As you must remember, the derivative of $f$ is only defined at $c$ if $f$ is continuous at $c$. Thus it's a pretty simple proposition that:

**Theorem:** Let $I$ be an interval, $f : I \to \mathbb{R}$ be a function on $I$, and $c \in I$. If $f$ is differentiable at $c$ then $f$ is continuous at $c$.
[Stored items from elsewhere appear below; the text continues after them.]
lemma T_op_merged_args:
  assumes k: "2 \<le> k" and f: "f \<in> merging_maps {0..<k} 0 1"
    and y: "y \<in> tuples {0..<k} ((k - 1)^2)"
  shows "snd (T_op k) (\<lambda>j\<in>{..<(k - 1)^2}. f (y j)) = 0"
proof (rule ccontr)
  define N where "N = k - 1"
  let ?z = "\<lambda>j\<in>{..<N^2}. f (y j)"
  assume "snd (T_op k) (\<lambda>j\<in>{..<(k - 1)^2}. f (y j)) \<noteq> 0"
  moreover have "?z \<in> tuples {0..<k} (N^2)"
    using y f unfolding N_def tuples_def merging_maps_def by auto
  ultimately have "(\<forall>p<N^2. ?z p = p div N + 1) \<or> (\<forall>p<N^2. ?z p = p mod N + 1)"
    unfolding T_op_def N_def Let_def by (auto split: if_splits)
  then have "{1..N} \<subseteq> ?z ` {..<N^2}" by (rule T_special_args_cover)
  also have "\<dots> \<subseteq> f ` {0..<k}" using y unfolding N_def tuples_def by auto
  finally have "insert (f 0) {1..N} \<subseteq> f ` {0..<k}" using k by auto
  moreover have "insert (f 0) {1..N} = {0..<k}"
    using f k unfolding merging_maps_def N_def by auto
  ultimately have "{0..<k} \<subseteq> f ` {0..<k}" by (simp only: insert_subset)
  then have "inj_on f {0..<k}" by (simp add: finite_surj_inj)
  then have "(0::nat) = 1"
    by (rule inj_onD) (use f k in \<open>auto simp: merging_maps_def\<close>)
  then show False by simp
qed
(* Let $G$ be a group with finite generating set $S$ and let $\Gamma$ be a tileset graph for $(G,S)$. The following are equivalent: (1) $\Gamma$ admits a bi-infinite snake; (2) $\Gamma$ admits a one-way infinite snake; (3) $\Gamma$ admits a snake of every length.
   Context: A tileset graph for $(G,S)$ is a finite multigraph $\Gamma=(A,B)$ whose edges are triples $(a,a',s)$ with $a,a'\in A$, $s\in S\cup S^{-1}$, such that $(a,a',s)\in B$ implies $(a',a,s^{-1})\in B$. For $I$ equal to $\mathbb{Z}$, $\mathbb{N}$ or a finite integer interval $\{n,\dots,m\}$, a $\Gamma$-snake on $I$ is a pair $(\omega,\zeta)$ with $\omega:I\to G$ injective and $\zeta:I\to A$ such that whenever $i,i+1\in I$: $d\omega_i:=\omega(i)^{-1}\omega(i+1)\in S\cup S^{-1}$ and $(\zeta(i),\zeta(i+1),d\omega_i)\in B$. It is bi-infinite if $I=\mathbb{Z}$, one-way infinite if $I=\mathbb{N}$; "a snake of every length" means that for every $n$ there is a $\Gamma$-snake on a finite interval with at least $n$ elements. *)

theory Defs
  imports "HOL-Algebra.Algebra"
begin

definition sym_gens :: "('g, 'b) monoid_scheme \<Rightarrow> 'g set \<Rightarrow> 'g set" where
  "sym_gens G S = S \<union> (\<lambda>s. inv\<^bsub>G\<^esub> s) ` S"

definition tileset_graph ::
  "('g, 'b) monoid_scheme \<Rightarrow> 'g set \<Rightarrow> 'a set \<Rightarrow> ('a \<times> 'a \<times> 'g) set \<Rightarrow> bool" where
  "tileset_graph G S A B \<longleftrightarrow> finite A \<and> finite B \<and>
     (\<forall>(a, a', s) \<in> B. a \<in> A \<and> a' \<in> A \<and> s \<in> sym_gens G S) \<and>
     (\<forall>(a, a', s) \<in> B. (a', a, inv\<^bsub>G\<^esub> s) \<in> B)"

definition snake_on ::
  "('g, 'b) monoid_scheme \<Rightarrow> 'g set \<Rightarrow> 'a set \<Rightarrow> ('a \<times> 'a \<times> 'g) set \<Rightarrow>
   int set \<Rightarrow> (int \<Rightarrow> 'g) \<Rightarrow> (int \<Rightarrow> 'a) \<Rightarrow> bool" where
  "snake_on G S A B I \<omega> \<zeta> \<longleftrightarrow>
     \<omega> ` I \<subseteq> carrier G \<and> inj_on \<omega> I \<and> \<zeta> ` I \<subseteq> A \<and>
     (\<forall>i. i \<in> I \<and> i + 1 \<in> I \<longrightarrow>
        inv\<^bsub>G\<^esub> (\<omega> i) \<otimes>\<^bsub>G\<^esub> \<omega> (i + 1) \<in> sym_gens G S \<and>
        (\<zeta> i, \<zeta> (i + 1), inv\<^bsub>G\<^esub> (\<omega> i) \<otimes>\<^bsub>G\<^esub> \<omega> (i + 1)) \<in> B)"

definition has_biinfinite_snake where
  "has_biinfinite_snake G S A B \<longleftrightarrow> (\<exists>\<omega> \<zeta>. snake_on G S A B UNIV \<omega> \<zeta>)"

(* \<nat> is identified with the nonnegative integers {0..} *)
definition has_oneway_snake where
  "has_oneway_snake G S A B \<longleftrightarrow> (\<exists>\<omega> \<zeta>. snake_on G S A B {0..} \<omega> \<zeta>)"

definition has_snakes_of_every_length where
  "has_snakes_of_every_length G S A B \<longleftrightarrow>
     (\<forall>k::nat. \<exists>n m \<omega> \<zeta>. card {n..m} \<ge> k \<and> snake_on G S A B {n..m} \<omega> \<zeta>)"

end

(*
  A bi-infinite snake restricts to a one-way infinite one, which restricts to snakes of
  every length. Conversely, a snake of length 2N + 1, re-indexed around its midpoint and
  left-translated so that the midpoint sits at the identity, is a rooted snake on the window
  [-N, N]. Position i of a rooted snake lies in the word-metric ball of radius |i|, so each
  window carries only finitely many rooted snakes, and Koenig's lemma yields a single rooted
  snake on all windows at once: a bi-infinite snake.
*)
theory Submission
  imports Defs "HOL-Library.Infinite_Set"
begin

lemma frequently_pigeonhole:
  assumes "finite (r ` C)" and "\<exists>\<^sub>F N in F. \<exists>x\<in>C. \<Phi> N x"
  shows "\<exists>y. \<exists>\<^sub>F N in F. \<exists>x\<in>C. \<Phi> N x \<and> r x = y"
proof -
  have "\<exists>\<^sub>F N in F. \<exists>y\<in>r ` C. \<exists>x\<in>C. \<Phi> N x \<and> r x = y"
    using assms(2) by (rule frequently_elim1) blast
  then show ?thesis
    using assms(1) by (simp only: frequently_bex_finite_distrib) blast
qed

lemma restrict_chain_limit:
  assumes D_mono: "mono D" and D_covers: "\<And>i. \<exists>k. i \<in> D k"
    and supported: "\<And>k. restrict (g k) (D k) = g k"
    and coherent: "\<And>k. restrict (g (Suc k)) (D k) = g k"
  shows "\<exists>f. \<forall>N. restrict f (D N) = g N"
proof -
  have chain: "restrict (g n) (D m) = g m" if "m \<le> n" for m n
    using that
  proof (induction n rule: dec_induct)
    case base
    show ?case by (rule supported)
  next
    case (step n)
    have "D m \<subseteq> D n" using D_mono step.hyps by (simp add: mono_def)
    then have "restrict (g (Suc n)) (D m) = restrict (restrict (g (Suc n)) (D n)) (D m)"
      by (simp add: Int_absorb1)
    then show ?case using coherent step.IH by simp
  qed
  define lim where "lim i = g (SOME k. i \<in> D k) i" for i
  have "restrict lim (D N) = g N" for N
  proof
    fix i
    define k where "k = (SOME k. i \<in> D k)"
    have "i \<in> D k" unfolding k_def using D_covers by (rule someI_ex)
    then have "lim i = g (max k N) i"
      using chain[of k "max k N"] unfolding lim_def k_def[symmetric]
      by (metis max.cobounded1 restrict_apply')
    then show "restrict lim (D N) i = g N i"
      using chain[of N "max k N"] chain[of N N] by (metis max.cobounded2 restrict_apply restrict_apply')
  qed
  then show ?thesis by blast
qed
**Proof:** Let $\epsilon > 0$ be given - WLOG, take $\epsilon < 1$. As $f$ is differentiable, there exists some $L \in \mathbb{R}$ and $\delta_1 > 0$ such that if $0 < |x-c| < \delta_1$, then $\left|\frac{f(x)-f(c)}{x-c} - L\right| < \epsilon$. Let $\delta = \inf\{\delta_1, \frac{\epsilon}{1+|L|}\}$. Then if $0 < |x-c| < \delta$, it follows that

$$ |f(x) - f(c)| = \left|\frac{f(x)-f(c)}{x-c}(x-c)\right| \\ = \left|\left[\frac{f(x)-f(c)}{x-c}-L+L\right](x-c)\right| \\ = \left|\left[\frac{f(x)-f(c)}{x-c}-L\right](x-c) + L(x-c)\right| \\ \leq \left|\frac{f(x)-f(c)}{x-c}-L\right|\left|x-c\right| + |L|\left|x-c\right| \\ < |x-c| + |L||x-c| = (1 + |L|)|x-c| \\ < \frac{\epsilon (1 + |L|)}{1+|L|} = \epsilon \qquad \blacksquare $$

Note that this is only a one-way implication - continuity does not guarantee differentiability. Consider $f(x) = |x|$, for example - continuous but not differentiable at $x=0$.

Now we come to the theorems we know and love:

**Theorem:** Let $I \subseteq \mathbb{R}$ be an interval, $c \in I$, $f, g : I \to \mathbb{R}$ be functions that are differentiable at $c \in I$. Then:

(i) if $k \in \mathbb{R}$, $kf$ is differentiable at $c$ and $(kf)'(c) = kf'(c)$

(ii) $f + g$ is differentiable at $c$ and $(f + g)'(c) = f'(c) + g'(c)$

(iii) $fg$ is differentiable at $c$ and $(fg)'(c) = f(c)g'(c) + g'(c)f(c)$

(iv) if $g(c) \neq 0$ then $\frac{f}{g}$ is differentiable at $c$ and

$$ \left(\frac{f}{g}\right)'(c) = \frac{g(c)f'(c) - f(c)g'(c)}{g^2(c)} $$

The proofs of these statements can be found in the book, Section 6.1. (i) and (ii) in particular are almost trivial.